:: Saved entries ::

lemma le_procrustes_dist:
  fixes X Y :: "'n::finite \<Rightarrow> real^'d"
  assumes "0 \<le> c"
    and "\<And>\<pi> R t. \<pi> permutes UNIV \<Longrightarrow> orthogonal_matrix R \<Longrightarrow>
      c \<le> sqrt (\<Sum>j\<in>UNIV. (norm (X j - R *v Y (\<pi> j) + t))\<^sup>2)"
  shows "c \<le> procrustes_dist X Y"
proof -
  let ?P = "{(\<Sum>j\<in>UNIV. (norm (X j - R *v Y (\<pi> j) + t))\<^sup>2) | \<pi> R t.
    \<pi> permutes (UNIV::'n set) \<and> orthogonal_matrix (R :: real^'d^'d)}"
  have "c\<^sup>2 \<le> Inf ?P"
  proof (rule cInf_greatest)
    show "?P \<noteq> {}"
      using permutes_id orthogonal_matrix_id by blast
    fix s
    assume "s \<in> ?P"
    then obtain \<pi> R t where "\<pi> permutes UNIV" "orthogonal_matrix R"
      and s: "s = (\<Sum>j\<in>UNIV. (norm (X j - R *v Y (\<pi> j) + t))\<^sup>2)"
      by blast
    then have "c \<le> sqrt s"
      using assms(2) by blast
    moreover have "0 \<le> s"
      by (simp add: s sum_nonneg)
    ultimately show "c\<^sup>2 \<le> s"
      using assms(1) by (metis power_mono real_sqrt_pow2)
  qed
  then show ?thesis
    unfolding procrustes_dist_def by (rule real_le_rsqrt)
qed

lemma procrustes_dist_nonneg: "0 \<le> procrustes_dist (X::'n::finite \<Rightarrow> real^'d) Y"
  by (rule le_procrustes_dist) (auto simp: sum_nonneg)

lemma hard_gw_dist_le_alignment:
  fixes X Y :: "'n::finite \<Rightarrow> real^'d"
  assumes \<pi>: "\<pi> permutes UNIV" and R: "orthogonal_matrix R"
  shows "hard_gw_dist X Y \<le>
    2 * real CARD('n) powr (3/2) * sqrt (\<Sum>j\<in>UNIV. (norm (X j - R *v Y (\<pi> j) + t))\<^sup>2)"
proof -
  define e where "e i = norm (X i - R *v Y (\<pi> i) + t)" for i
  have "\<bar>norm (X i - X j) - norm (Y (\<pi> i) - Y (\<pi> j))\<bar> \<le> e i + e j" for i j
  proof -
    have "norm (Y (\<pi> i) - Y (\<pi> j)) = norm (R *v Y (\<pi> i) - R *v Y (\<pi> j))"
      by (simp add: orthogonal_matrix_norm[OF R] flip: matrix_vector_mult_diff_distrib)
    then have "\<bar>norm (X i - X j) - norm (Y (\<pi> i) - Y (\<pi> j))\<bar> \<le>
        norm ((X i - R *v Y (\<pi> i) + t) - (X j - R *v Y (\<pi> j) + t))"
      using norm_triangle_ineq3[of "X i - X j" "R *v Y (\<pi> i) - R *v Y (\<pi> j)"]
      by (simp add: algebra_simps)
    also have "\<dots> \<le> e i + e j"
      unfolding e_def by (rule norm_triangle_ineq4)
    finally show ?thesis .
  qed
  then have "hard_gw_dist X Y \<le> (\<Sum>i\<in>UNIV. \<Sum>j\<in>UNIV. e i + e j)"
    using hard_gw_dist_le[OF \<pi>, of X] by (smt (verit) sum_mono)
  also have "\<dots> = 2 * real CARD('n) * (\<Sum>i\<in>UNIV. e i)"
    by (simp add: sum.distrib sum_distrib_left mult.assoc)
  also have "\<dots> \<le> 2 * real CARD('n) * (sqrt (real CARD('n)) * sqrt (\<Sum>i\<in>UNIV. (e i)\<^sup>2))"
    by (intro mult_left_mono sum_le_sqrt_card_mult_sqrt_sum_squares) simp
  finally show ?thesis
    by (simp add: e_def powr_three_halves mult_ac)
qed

:: Work item ::
Take exactly the lines from the one containing "procrustes_dist (X::'n::finite \<Rightarrow>" through the one containing "by (simp add: orthogonal_matrix_norm[OF" in the data above, and output them with nothing added.

:: Reply to the exercise ::
lemma procrustes_dist_nonneg: "0 \<le> procrustes_dist (X::'n::finite \<Rightarrow> real^'d) Y"
  by (rule le_procrustes_dist) (auto simp: sum_nonneg)

lemma hard_gw_dist_le_alignment:
  fixes X Y :: "'n::finite \<Rightarrow> real^'d"
  assumes \<pi>: "\<pi> permutes UNIV" and R: "orthogonal_matrix R"
  shows "hard_gw_dist X Y \<le>
    2 * real CARD('n) powr (3/2) * sqrt (\<Sum>j\<in>UNIV. (norm (X j - R *v Y (\<pi> j) + t))\<^sup>2)"
proof -
  define e where "e i = norm (X i - R *v Y (\<pi> i) + t)" for i
  have "\<bar>norm (X i - X j) - norm (Y (\<pi> i) - Y (\<pi> j))\<bar> \<le> e i + e j" for i j
  proof -
    have "norm (Y (\<pi> i) - Y (\<pi> j)) = norm (R *v Y (\<pi> i) - R *v Y (\<pi> j))"
      by (simp add: orthogonal_matrix_norm[OF R] flip: matrix_vector_mult_diff_distrib)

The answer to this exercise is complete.